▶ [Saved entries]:
lemma between_markers_split:
  assumes "k < length us" "marker_pos us k < i" "i < marker_pos us (Suc k)"
  obtains v c w where "us ! k = v @ c # w" "i = marker_pos us k + Suc (length v)"
proof -
  define r where "r = i - marker_pos us k - 1"
  have "r < length (us ! k)"
    using assms marker_pos_Suc[OF assms(1)] by (simp add: r_def)
  then have "us ! k = take r (us ! k) @ us ! k ! r # drop (Suc r) (us ! k)"
    "i = marker_pos us k + Suc (length (take r (us ! k)))"
    using assms(2) by (simp_all add: id_take_nth_drop r_def)
  then show ?thesis
    by (rule that)
qed

lemma nat_le_grid_cases:
  "(i::nat) \<le> p m \<Longrightarrow> p 0 = 0 \<Longrightarrow> (\<exists>k\<le>m. i = p k) \<or> (\<exists>k<m. p k < i \<and> i < p (Suc k))"
proof (induction m)
  case (Suc m)
  show ?case
  proof (cases "i \<le> p m")
    case True
    then show ?thesis
      using Suc.IH Suc.prems(2) by (auto intro: le_SucI less_SucI)
  next
    case False
    show ?thesis
    proof (cases "i = p (Suc m)")
      case True
      then show ?thesis
        by (intro disjI1 exI[of _ "Suc m"]) simp
    next
      case False
      then show ?thesis
        using \<open>\<not> i \<le> p m\<close> Suc.prems by (intro disjI2 exI[of _ m]) auto
    qed
  qed
qed simp

section \<open>Finite unions of boxes\<close>

lemma in_listset_iff: "us \<in> listset Ls \<longleftrightarrow> list_all2 (\<in>) us Ls"
  by (induction Ls arbitrary: us) (auto simp: set_Cons_def list_all2_Cons2)

lemma in_listset_conv_nth:
  "us \<in> listset Ls \<longleftrightarrow> length us = length Ls \<and> (\<forall>j < length Ls. us ! j \<in> Ls ! j)"
  by (auto simp: in_listset_iff list_all2_conv_all_nth)

lemma listset_replicate_UNIV: "listset (replicate m UNIV) = {us. length us = m}"
  by (auto simp: in_listset_conv_nth)

lemma listset_Int:
  "length Ls = length Ks \<Longrightarrow> listset Ls \<inter> listset Ks = listset (map2 (\<inter>) Ls Ks)"
  by (auto simp: in_listset_conv_nth)

inductive SF_box_union :: "'a list set set \<Rightarrow> nat \<Rightarrow> 'a list list set \<Rightarrow> bool" for C m where
  empty: "SF_box_union C m {}"
| box: "length Ls = m \<Longrightarrow> set Ls \<subseteq> SF C \<Longrightarrow> SF_box_union C m (listset Ls)"
| union: "SF_box_union C m S \<Longrightarrow> SF_box_union C m T \<Longrightarrow> SF_box_union C m (S \<union> T)"

lemma SF_box_union_UN:
  "finite I \<Longrightarrow> (\<And>i. i \<in> I \<Longrightarrow> SF_box_union C m (S i)) \<Longrightarrow> SF_box_union C m (\<Union>i\<in>I. S i)"
  by (induction I rule: finite_induct) (auto intro: SF_box_union.intros)

lemma SF_box_union_all: "SF_box_union C m {us. length us = m}"
proof -
  have "set (replicate m UNIV) \<subseteq> SF C"
    by (auto simp: SF_UNIV)
  then show ?thesis
    using SF_box_union.box[of "replicate m UNIV" m C] by (simp add: listset_replicate_UNIV)
qed

lemma SF_box_union_additive_image:
  assumes "SF_box_union C m S"
    and "F {} = {}" "\<And>S T. F (S \<union> T) = F S \<union> F T"
    and "\<And>Ls. length Ls = m \<Longrightarrow> set Ls \<subseteq> SF C \<Longrightarrow> SF_box_union C n (F (listset Ls))"
  shows "SF_box_union C n (F S)"
  using assms(1) by induction (auto simp: assms(2,3) intro: assms(4) SF_box_union.intros)

lemma SF_box_union_Int:
  assumes "SF_box_union C m S" "SF_box_union C m T"
  shows "SF_box_union C m (S \<inter> T)"
proof -
  have box_Int: "SF_box_union C m (listset Ls \<inter> T)" if "length Ls = m" "set Ls \<subseteq> SF C" for Ls
  proof (rule SF_box_union_additive_image[OF assms(2), where F = "\<lambda>T. listset Ls \<inter> T"])
    fix Ks :: "'a list set list" assume "length Ks = m" "set Ks \<subseteq> SF C"
    then show "SF_box_union C m (listset Ls \<inter> listset Ks)"
      using that by (auto simp: listset_Int intro!: SF_box_union.box SF_Int elim!: in_set_zipE)
  qed auto
  show ?thesis
  proof (rule SF_box_union_additive_image[OF assms(1), where F = "\<lambda>S. S \<inter> T"])
    fix Ls :: "'a list set list" assume "length Ls = m" "set Ls \<subseteq> SF C"
    then show "SF_box_union C m (listset Ls \<inter> T)"
      by (rule box_Int)
  qed auto
qed

lemma SF_box_union_Diff_listset:
  assumes "length Ls = m" "set Ls \<subseteq> SF C"
  shows "SF_box_union C m ({us. length us = m} - listset Ls)"
proof -
  have "{us. length us = m} - listset Ls = (\<Union>j<m. listset ((replicate m UNIV)[j := - (Ls ! j)]))"
    using assms(1) by (auto simp: in_listset_conv_nth nth_list_update) (metis Compl_iff)
  also have "SF_box_union C m \<dots>"
  proof (rule SF_box_union_UN)
    fix j assume "j \<in> {..<m}"
    then have "- (Ls ! j) \<in> SF C"
      using assms by (auto intro!: SF.compl)
    then show "SF_box_union C m (listset ((replicate m UNIV)[j := - (Ls ! j)]))"
      using SF_UNIV by (intro SF_box_union.box) (auto dest!: set_update_subset_insert[THEN subsetD])
  qed simp
  finally show ?thesis .
qed

lemma SF_box_union_Diff:
  assumes "SF_box_union C m S"
  shows "SF_box_union C m ({us. length us = m} - S)"
  using assms
proof induction
  case empty
  then show ?case
    using SF_box_union_all by simp
next
  case (box Ls)
  then show ?case
    by (rule SF_box_union_Diff_listset)
next
  case (union S T)
  then show ?case
    using SF_box_union_Int[OF union.IH] by (simp add: Diff_Un)
qed

lemma SF_box_union_set_Cons:
  assumes "P \<in> SF C" "SF_box_union C m S"
  shows "SF_box_union C (Suc m) (set_Cons P S)"
  by (rule SF_box_union_additive_image[OF assms(2)])
    (use assms(1) in \<open>auto simp: set_Cons_def intro: SF_box_union.box[of "P # _", simplified]\<close>)

lemma listset_window:
  assumes "length Ls = k" "a + k \<le> m"
  shows "{us. length us = m \<and> take k (drop a us) \<in> listset Ls} =
    listset (replicate a UNIV @ Ls @ replicate (m - a - k) UNIV)"
proof (intro set_eqI iffI)
  fix us assume us: "us \<in> {us. length us = m \<and> take k (drop a us) \<in> listset Ls}"
  have "us ! j \<in> (replicate a UNIV @ Ls @ replicate (m - a - k) UNIV) ! j" if "j < m" for j
  proof (cases "a \<le> j \<and> j < a + k")
    case True
    have "\<forall>i<k. us ! (a + i) \<in> Ls ! i"
      using us assms by (auto simp: in_listset_conv_nth)
    moreover have window: "j - a < k"
      using True by arith
    ultimately have "us ! (a + (j - a)) \<in> Ls ! (j - a)"
      by blast
    then show ?thesis
      using True window assms by (simp add: nth_append)
  qed (use assms that in \<open>auto simp: nth_append\<close>)
  then show "us \<in> listset (replicate a UNIV @ Ls @ replicate (m - a - k) UNIV)"
    using us assms by (simp add: in_listset_conv_nth)
next
  fix us assume us: "us \<in> listset (replicate a UNIV @ Ls @ replicate (m - a - k) UNIV)"
  then have len: "length us = m"
    using assms by (simp add: in_listset_conv_nth)
  have "take k (drop a us) ! j \<in> Ls ! j" if "j < k" for j
  proof -
    have "us ! (a + j) \<in> (replicate a UNIV @ Ls @ replicate (m - a - k) UNIV) ! (a + j)"
      using us that assms by (auto simp: in_listset_conv_nth)
    then show ?thesis
      using that assms len by (simp add: nth_append)
  qed
  then show "us \<in> {us. length us = m \<and> take k (drop a us) \<in> listset Ls}"
    using len assms by (simp add: in_listset_conv_nth)
qed

lemma SF_box_union_window:
  assumes "SF_box_union C k S" "a + k \<le> m"
  shows "SF_box_union C m {us. length us = m \<and> take k (drop a us) \<in> S}"
proof (rule SF_box_union_additive_image[OF assms(1)])
  fix Ls :: "'a list set list" assume "length Ls = k" "set Ls \<subseteq> SF C"
  then show "SF_box_union C m {us. length us = m \<and> take k (drop a us) \<in> listset Ls}"
    using assms(2) by (auto simp: listset_window SF_UNIV intro!: SF_box_union.box)
qed auto

lemma in_conc_letter_conc:
  "x \<in> conc (conc A {[c]}) B \<longleftrightarrow> (\<exists>v w. x = v @ c # w \<and> v \<in> A \<and> w \<in> B)"
proof
  assume "x \<in> conc (conc A {[c]}) B"
  then obtain v w where "x = (v @ [c]) @ w" "v \<in> A" "w \<in> B"
    by (auto elim!: concE)
  then show "\<exists>v w. x = v @ c # w \<and> v \<in> A \<and> w \<in> B"
    by auto
next
  assume "\<exists>v w. x = v @ c # w \<and> v \<in> A \<and> w \<in> B"
  then obtain v w where "x = (v @ [c]) @ w" "v \<in> A" "w \<in> B"
    by auto
  then show "x \<in> conc (conc A {[c]}) B"
    by (auto intro: concI)
qed

lemma listset_merge:
  "{us. length us = Suc (length Ks + length Ms) \<and>
       (\<exists>v w. us ! length Ks = v @ c # w \<and> split_block (length Ks) v w us \<in> listset (Ks @ A # B # Ms))} =
   listset (Ks @ conc (conc A {[c]}) B # Ms)"
proof (intro set_eqI)
  fix us :: "'a list list"
  show "us \<in> {us. length us = Suc (length Ks + length Ms) \<and>
          (\<exists>v w. us ! length Ks = v @ c # w \<and> split_block (length Ks) v w us \<in> listset (Ks @ A # B # Ms))} \<longleftrightarrow>
        us \<in> listset (Ks @ conc (conc A {[c]}) B # Ms)"
  proof (cases "length us = Suc (length Ks + length Ms)")
    case True
    then obtain xs y zs where us: "us = xs @ y # zs" "length Ks = length xs"
      by (metis id_take_nth_drop length_take less_add_Suc1 min_absorb2 less_imp_le)
    show ?thesis
      using True by (auto simp: us split_block_def in_listset_iff list_all2_append in_conc_letter_conc)
  qed (auto simp: in_listset_iff dest: list_all2_lengthD)
qed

▶ [Description of the task]:
Only the lines above from the one with "< marker_pos us" up to and including the one with "proof (induction m)" should be repeated, exactly as written.

▶ [Written reply]:
  assumes "k < length us" "marker_pos us k < i" "i < marker_pos us (Suc k)"
  obtains v c w where "us ! k = v @ c # w" "i = marker_pos us k + Suc (length v)"
proof -
  define r where "r = i - marker_pos us k - 1"
  have "r < length (us ! k)"
    using assms marker_pos_Suc[OF assms(1)] by (simp add: r_def)
  then have "us ! k = take r (us ! k) @ us ! k ! r # drop (Suc r) (us ! k)"
    "i = marker_pos us k + Suc (length (take r (us ! k)))"
    using assms(2) by (simp_all add: id_take_nth_drop r_def)
  then show ?thesis
    by (rule that)
qed

lemma nat_le_grid_cases:
  "(i::nat) \<le> p m \<Longrightarrow> p 0 = 0 \<Longrightarrow> (\<exists>k\<le>m. i = p k) \<or> (\<exists>k<m. p k < i \<and> i < p (Suc k))"
proof (induction m)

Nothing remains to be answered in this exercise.